Among the entries, how many lines carry the string "equiv"? Give the number and nothing else.
╔══
definition Split ::
  "('a topology \<Rightarrow> 'a set set \<Rightarrow> bool) \<Rightarrow> ('a topology \<Rightarrow> 'a set set \<Rightarrow> bool) \<Rightarrow> 'a topology \<Rightarrow> bool" where
  "Split A B T \<longleftrightarrow> (\<forall>\<U>. A T \<U> \<longrightarrow>
     (\<exists>\<U>1 \<U>2. \<U>1 \<union> \<U>2 = \<U> \<and> \<U>1 \<inter> \<U>2 = {} \<and>
        (\<exists>\<V>\<subseteq>\<U>1. B T \<V>) \<and> (\<exists>\<V>\<subseteq>\<U>2. B T \<V>)))"

definition real_subspace :: "real set \<Rightarrow> real topology" where
  "real_subspace X = subtopology euclideanreal X"

definition power_space :: "real set \<Rightarrow> nat \<Rightarrow> (nat \<Rightarrow> real) topology" where
  "power_space X k = product_topology (\<lambda>i. subtopology euclideanreal X) {..<k}"

end

theory Submission
  imports Defs
begin

text \<open>
  If \<U> is an \<omega>-cover of X, then the cubes U^k (U \<in> \<U>) form an \<omega>-cover of X^k of
  the same kind (open, clopen, Borel). Any cover of X^k by cubes U^k with U in a
  subfamily \<D> makes \<D> a k-cover of X, since every set of at most k points of X is the
  range of a single point of X^k. So Split(\<Omega>, \<Lambda>) for X^k splits \<U> into two disjoint
  k-covers, and one of them is still an \<omega>-cover, because an \<omega>-cover is never the union
  of two families that are not. Peeling off k-covers for k = 1, 2, 3, \<dots> yields pairwise
  disjoint subfamilies \<D>_k \<subseteq> \<U> with \<D>_k a k-cover; the union of the even-indexed
  ones and its complement in \<U> are both \<omega>-covers.
\<close>

definition k_cover :: "'a set \<Rightarrow> nat \<Rightarrow> 'a set set \<Rightarrow> bool" where
  "k_cover S k \<U> \<longleftrightarrow> (\<forall>F. finite F \<and> F \<subseteq> S \<and> card F \<le> k \<longrightarrow> (\<exists>U\<in>\<U>. F \<subseteq> U))"

definition omega_family :: "'a set \<Rightarrow> 'a set set \<Rightarrow> bool" where
  "omega_family S \<U> \<longleftrightarrow> (\<forall>F. finite F \<and> F \<subseteq> S \<longrightarrow> (\<exists>U\<in>\<U>. F \<subseteq> U))"

lemma k_cover_mono: "k_cover S k \<U> \<Longrightarrow> j \<le> k \<Longrightarrow> \<U> \<subseteq> \<V> \<Longrightarrow> k_cover S j \<V>"
  unfolding k_cover_def by (meson le_trans subsetD)

lemma omega_family_iff_k_covers: "omega_family S \<U> \<longleftrightarrow> (\<forall>k. k_cover S k \<U>)"
  unfolding omega_family_def k_cover_def by auto

lemma omega_family_Un:
  assumes "omega_family S (\<A> \<union> \<B>)"
  shows "omega_family S \<A> \<or> omega_family S \<B>"
proof (rule ccontr)
  assume "\<not> ?thesis"
  then have "\<not> omega_family S \<A>" "\<not> omega_family S \<B>"
    by simp_all
  then obtain F G where F: "finite F" "F \<subseteq> S" "\<forall>U\<in>\<A>. \<not> F \<subseteq> U"
    and G: "finite G" "G \<subseteq> S" "\<forall>U\<in>\<B>. \<not> G \<subseteq> U"
    unfolding omega_family_def by auto
  have "finite (F \<union> G)" "F \<union> G \<subseteq> S"
    using F G by simp_all
  then obtain U where "U \<in> \<A> \<union> \<B>" "F \<union> G \<subseteq> U"
    using assms unfolding omega_family_def by blast
  then show False
    using F(3) G(3) by blast
qed

lemma disjoint_family_by_peeling:
  fixes R :: "nat \<Rightarrow> 'a set \<Rightarrow> bool"
  assumes peel: "\<And>\<C> n. P \<C> \<Longrightarrow> \<exists>\<D>\<subseteq>\<C>. R n \<D> \<and> P (\<C> - \<D>)" and "P \<U>"
  shows "\<exists>\<D>. disjoint_family \<D> \<and> (\<forall>n. \<D> n \<subseteq> \<U> \<and> R n (\<D> n))"
proof -
  define pick where "pick n \<C> = (SOME \<D>. \<D> \<subseteq> \<C> \<and> R n \<D> \<and> P (\<C> - \<D>))" for n \<C>
  have pick: "pick n \<C> \<subseteq> \<C> \<and> R n (pick n \<C>) \<and> P (\<C> - pick n \<C>)" if "P \<C>" for n \<C>
    unfolding pick_def using someI_ex[OF peel[OF that]] by blast
  define rest where "rest = rec_nat \<U> (\<lambda>n \<C>. \<C> - pick n \<C>)"
  have rest_Suc: "rest (Suc n) = rest n - pick n (rest n)" for n
    by (simp add: rest_def)
  have P_rest: "P (rest n)" for n
    by (induction n) (use \<open>P \<U>\<close> pick in \<open>simp_all add: rest_def\<close>)
  define \<D> where "\<D> n = pick n (rest n)" for n
  have "decseq rest"
    by (rule decseq_SucI) (simp add: rest_Suc Diff_subset)
  then have \<D>_rest: "\<D> n \<subseteq> rest m" if "m \<le> n" for m n
    using pick[OF P_rest] that unfolding \<D>_def decseq_def by blast
  have "\<D> m \<inter> \<D> n = {}" if "m < n" for m n
    using \<D>_rest[of "Suc m" n] that by (auto simp: rest_Suc \<D>_def)
  then have "disjoint_family \<D>"
    unfolding disjoint_family_on_def by (metis inf_commute linorder_neq_iff)
  moreover have "\<D> n \<subseteq> \<U> \<and> R n (\<D> n)" for n
    using \<D>_rest[of 0 n] pick[OF P_rest] by (simp add: rest_def \<D>_def)
  ultimately show ?thesis by blast
qed

lemma omega_families_of_disjoint_k_covers:
  assumes "disjoint_family \<D>" "\<And>n. \<D> n \<subseteq> \<U>" "\<And>n. k_cover S n (\<D> n)"
  shows "omega_family S (\<Union>n\<in>Collect even. \<D> n)" "omega_family S (\<U> - (\<Union>n\<in>Collect even. \<D> n))"
proof -
  let ?\<A> = "\<Union>n\<in>Collect even. \<D> n"
  have "k_cover S k ?\<A>" for k
  proof (rule k_cover_mono[OF assms(3)[of "2 * k"]])
    show "\<D> (2 * k) \<subseteq> ?\<A>"
      by (rule UN_upper) simp
  qed simp
  then show "omega_family S ?\<A>"
    by (simp add: omega_family_iff_k_covers)
  have odd_part: "\<D> (Suc (2 * k)) \<subseteq> \<U> - ?\<A>" for k
  proof -
    have "\<D> (Suc (2 * k)) \<inter> \<D> n = {}" if "even n" for n
    proof -
      have "Suc (2 * k) \<noteq> n"
        using that by auto
      then show ?thesis
        using assms(1) by (simp add: disjoint_family_on_def)
    qed
    then show ?thesis
      using assms(2) by blast
  qed
  have "k_cover S k (\<U> - ?\<A>)" for k
    by (rule k_cover_mono[OF assms(3) _ odd_part[of k]]) simp
  then show "omega_family S (\<U> - ?\<A>)"
    by (simp add: omega_family_iff_k_covers)
qed

lemma split_into_omega_subfamilies:
  assumes omega: "\<And>\<C>. P \<C> \<Longrightarrow> omega_family S \<C>"
    and subfamily: "\<And>\<C> \<D>. P \<C> \<Longrightarrow> \<D> \<subseteq> \<C> \<Longrightarrow> omega_family S \<D> \<Longrightarrow> P \<D>"
    and split: "\<And>\<C> k. P \<C> \<Longrightarrow> k \<ge> 1 \<Longrightarrow> \<exists>\<D>\<subseteq>\<C>. k_cover S k \<D> \<and> k_cover S k (\<C> - \<D>)"
    and "P \<U>"
  shows "\<exists>\<A>\<subseteq>\<U>. P \<A> \<and> P (\<U> - \<A>)"
proof -
  have peel: "\<exists>\<D>\<subseteq>\<C>. k_cover S k \<D> \<and> P (\<C> - \<D>)" if "P \<C>" for \<C> k
  proof -
    obtain \<D> where \<D>: "\<D> \<subseteq> \<C>" "k_cover S (Suc k) \<D>" "k_cover S (Suc k) (\<C> - \<D>)"
      using split[OF \<open>P \<C>\<close>, of "Suc k"] by auto
    then have covers: "k_cover S k \<D>" "k_cover S k (\<C> - \<D>)"
      using k_cover_mono[of S "Suc k" _ k] by simp_all
    have "\<D> \<union> (\<C> - \<D>) = \<C>"
      using \<D>(1) by blast
    then consider "omega_family S (\<C> - \<D>)" | "omega_family S \<D>"
      using omega_family_Un omega[OF \<open>P \<C>\<close>] by metis
    then show ?thesis
    proof cases
      case 1
      then have "P (\<C> - \<D>)"
        by (rule subfamily[OF \<open>P \<C>\<close> Diff_subset])
      with \<D>(1) covers(1) show ?thesis
        by blast
    next
      case 2
      then have "P \<D>"
        by (rule subfamily[OF \<open>P \<C>\<close> \<D>(1)])
      moreover have "\<C> - (\<C> - \<D>) = \<D>"
        using \<D>(1) by blast
      ultimately show ?thesis
        using covers(2) by (intro exI[of _ "\<C> - \<D>"]) simp
    qed
  qed
  obtain \<D> where \<D>: "disjoint_family \<D>" "\<And>n. \<D> n \<subseteq> \<U>" "\<And>n. k_cover S n (\<D> n)"
    using disjoint_family_by_peeling[of P "k_cover S", OF peel \<open>P \<U>\<close>] by blast
  let ?\<A> = "\<Union>n\<in>Collect even. \<D> n"
  have "?\<A> \<subseteq> \<U>"
    using \<D>(2) by blast
  then have "P ?\<A>"
    using \<D> by (intro subfamily[OF \<open>P \<U>\<close>] omega_families_of_disjoint_k_covers)
  moreover have "P (\<U> - ?\<A>)"
    using \<D> by (intro subfamily[OF \<open>P \<U>\<close> Diff_subset] omega_families_of_disjoint_k_covers)
  ultimately show ?thesis
    using \<open>?\<A> \<subseteq> \<U>\<close> by blast
qed

abbreviation cartesian_power :: "nat \<Rightarrow> 'a set \<Rightarrow> (nat \<Rightarrow> 'a) set" where
  "cartesian_power k U \<equiv> Pi\<^sub>E {..<k} (\<lambda>_. U)"

abbreviation power_topology :: "'a topology \<Rightarrow> nat \<Rightarrow> (nat \<Rightarrow> 'a) topology" where
  "power_topology T k \<equiv> product_topology (\<lambda>_. T) {..<k}"

lemma image_subset_if_in_cartesian_power: "t \<in> cartesian_power k U \<Longrightarrow> t ` {..<k} \<subseteq> U"
  by (auto simp: PiE_iff)

lemma tuple_enumerating_finite_set:
  assumes "finite F" "F \<subseteq> S" "card F \<le> k" "S \<noteq> {}"
  obtains t where "t \<in> cartesian_power k S" "F \<subseteq> t ` {..<k}"
proof (cases "F = {}")
  case True
  have "cartesian_power k S \<noteq> {}"
    using assms(4) by (simp add: PiE_eq_empty_iff)
  then show ?thesis
    using that True by blast
next
  case False
  obtain h where h: "bij_betw h {0..<card F} F"
    using ex_bij_betw_nat_finite[OF \<open>finite F\<close>] by blast
  have "card F > 0"
    using False \<open>finite F\<close> by (simp add: card_gt_0_iff)
  define t where "t = restrict (\<lambda>i. h (min i (card F - 1))) {..<k}"
  have "h j \<in> F" if "j < card F" for j
    using h that by (auto simp: bij_betw_def)
  then have "t \<in> cartesian_power k S"
    using \<open>card F > 0\<close> assms(2) by (auto simp: t_def)
  moreover have "F \<subseteq> t ` {..<k}"
  proof
    fix y assume "y \<in> F"
    then obtain j where "j < card F" "y = h j"
      using h unfolding bij_betw_def by (metis atLeastLessThan_iff imageE zero_le)
    then show "y \<in> t ` {..<k}"
      using assms(3) by (auto simp: t_def image_iff intro!: bexI[of _ j])
  qed
  ultimately show ?thesis
    using that by blast
qed

lemma k_cover_if_cartesian_powers_cover:
  assumes "cartesian_power k S \<subseteq> \<Union>(cartesian_power k ` \<D>)" "S \<noteq> {}"
  shows "k_cover S k \<D>"
  unfolding k_cover_def
proof (intro allI impI)
  fix F assume F: "finite F \<and> F \<subseteq> S \<and> card F \<le> k"
  obtain t where t: "t \<in> cartesian_power k S" "F \<subseteq> t ` {..<k}"
    by (rule tuple_enumerating_finite_set[of F S k]) (use F assms(2) in auto)
  have "t \<in> \<Union>(cartesian_power k ` \<D>)"
    using assms(1) t(1) by (rule subsetD)
  then obtain U where "U \<in> \<D>" "t \<in> cartesian_power k U"
    by (rule UN_E)
  with t(2) show "\<exists>U\<in>\<D>. F \<subseteq> U"
    using image_subset_if_in_cartesian_power by blast
qed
╚══
Result.
2